The Beginning of the End for US Troops in Iraq

President Barack Obama announced today that the U.S. will end its “combat mission” in Iraq on August 31, which marks the end of a war declared by Washington, on the infamous lie that sought to dismantle an arsenal of mass destruction that Saddam Hussein was said to have amassed. Although Obama referred to the withdrawal of combat troops at the end of this month, he said that about 50,000 soldiers would remain to train Iraqi security forces. Therefore, the military intervention that began in March 2003 will remain at least until next year.

The president has instructed the Pentagon to maintain a low-intensity war to provide more room for diplomatic efforts that create the conditions for a complete withdrawal by 2011. Even so, the end of combat operations in Iraq, announced by Obama during a speech to war veterans in Georgia, is a sign of relief that the affected people welcome with pleasure.
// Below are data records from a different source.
(* Let $d\ge2$ and let $Q$ be a qplex. (1) If $s_1,\dots,s_{d^2}\in Q\cap S_{\rm o}$ are the vertices of a regular simplex, then $r(i|j)=s_i(j)$ defines a type-preserving measurement for $Q$, with stretched measurement matrix $R_{ij}=(d+1)s_i(j)-\frac1d$. (2) If $R$ is a $d^2\times d^2$ real orthogonal matrix such that $RQ=\{Rq:q\in Q\}$ is a qplex, then $R$ is the stretched measurement matrix of a type-preserving measurement for $Q$.
   Context: Fix an integer $d\ge 2$. $\langle\cdot,\cdot\rangle$ is the standard inner product on $\mathbb{R}^{d^2}$, $\|\cdot\|$ the Euclidean norm. $\Delta=\{p\in\mathbb{R}^{d^2}: p(i)\ge0,\ \sum_ip(i)=1\}$; $H=\{u\in\mathbb{R}^{d^2}:\sum_i u(i)=1\}$; $c=(1/d^2,\dots,1/d^2)$. For $A\subseteq H$ the polar is $A^*=\{u\in H:\langle u,v\rangle\ge\frac{1}{d(d+1)}\ \forall v\in A\}$. Out-ball $B_{\rm o}=\{u\in H:\|u-c\|\le r_{\rm o}\}$, $r_{\rm o}^2=\frac{d-1}{d^2(d+1)}$, boundary sphere $S_{\rm o}$. A qplex is a set $Q\subseteq\Delta\cap B_{\rm o}$ with $Q^*=Q$. A measurement (with $d^2$ outcomes) is an array of reals $r(i|j)\ge0$, $i,j\in\{1,\dots,d^2\}$, with $\sum_i r(i|j)=1$ for every $j$. For a qplex $Q$ and $q\in Q$, define $q_r(i)=\sum_j\big[(d+1)q(j)-\frac1d\big]r(i|j)$ and $Q_r=\{q_r:q\in Q\}$. The measurement is type-preserving for $Q$ if $Q_r$ is a qplex, and $Q$-preserving if $Q_r=Q$. Its stretched measurement matrix is $R_{ij}=(d+1)r(i|j)-\frac1d\sum_k r(i|k)$, so that $q_r=Rq$. Points $s_1,\dots,s_{d^2}$ are vertices of a regular simplex if they are distinct and all pairwise distances are equal. *)

theory Defs
  imports "HOL-Analysis.Analysis"
begin

text \<open>Vectors in R^(d^2) are modelled as real^'n with CARD('n) = d^2.
  Coordinates are indexed by the finite type 'n.\<close>

definition prob_simplex :: "(real^'n) set" where
  "prob_simplex = {p. (\<forall>i. p$i \<ge> 0) \<and> (\<Sum>i\<in>UNIV. p$i) = 1}"

definition hyperplane_H :: "(real^'n) set" where
  "hyperplane_H = {u. (\<Sum>i\<in>UNIV. u$i) = 1}"

definition centre :: "nat \<Rightarrow> real^'n" where
  "centre d = (\<chi> i. 1 / (real d)^2)"

definition polar :: "nat \<Rightarrow> (real^'n) set \<Rightarrow> (real^'n) set" where
  "polar d A = {u \<in> hyperplane_H. \<forall>v\<in>A. inner u v \<ge> 1 / (real d * (real d + 1))}"

definition out_radius :: "nat \<Rightarrow> real" where
  "out_radius d = sqrt ((real d - 1) / ((real d)^2 * (real d + 1)))"

definition out_ball :: "nat \<Rightarrow> (real^'n) set" where
  "out_ball d = {u \<in> hyperplane_H. norm (u - centre d) \<le> out_radius d}"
For centuries to come, the United States and its allies will bear the ignominy of undertaking a military invasion on the territories of ancient Persia, the cradle of human civilization, without valid cause. Through it all, the imperial soldiers found neither nuclear weapons, nor evidence that President Hussein would have encouraged international terrorism.

The war in Iraq has cost the U.S. more than $845 billion, and the economy of that nation $3-5 trillion. The Lancet, a British medical journal, estimates a civilian death toll of 655,000 during the seven years of military intervention in Iraq. The reasons behind this crime against humanity seem to be related to the fact that the subsoil and sea area of the nation retain 65 percent of global oil reserves. President Obama, to whom the Swedish Academy awarded the Nobel Peace Prize, would vindicate that award, if he would order the immediate withdrawal of all U.S. troops who usurp Iraqi territory, although it is fair to note that things seem to be going well.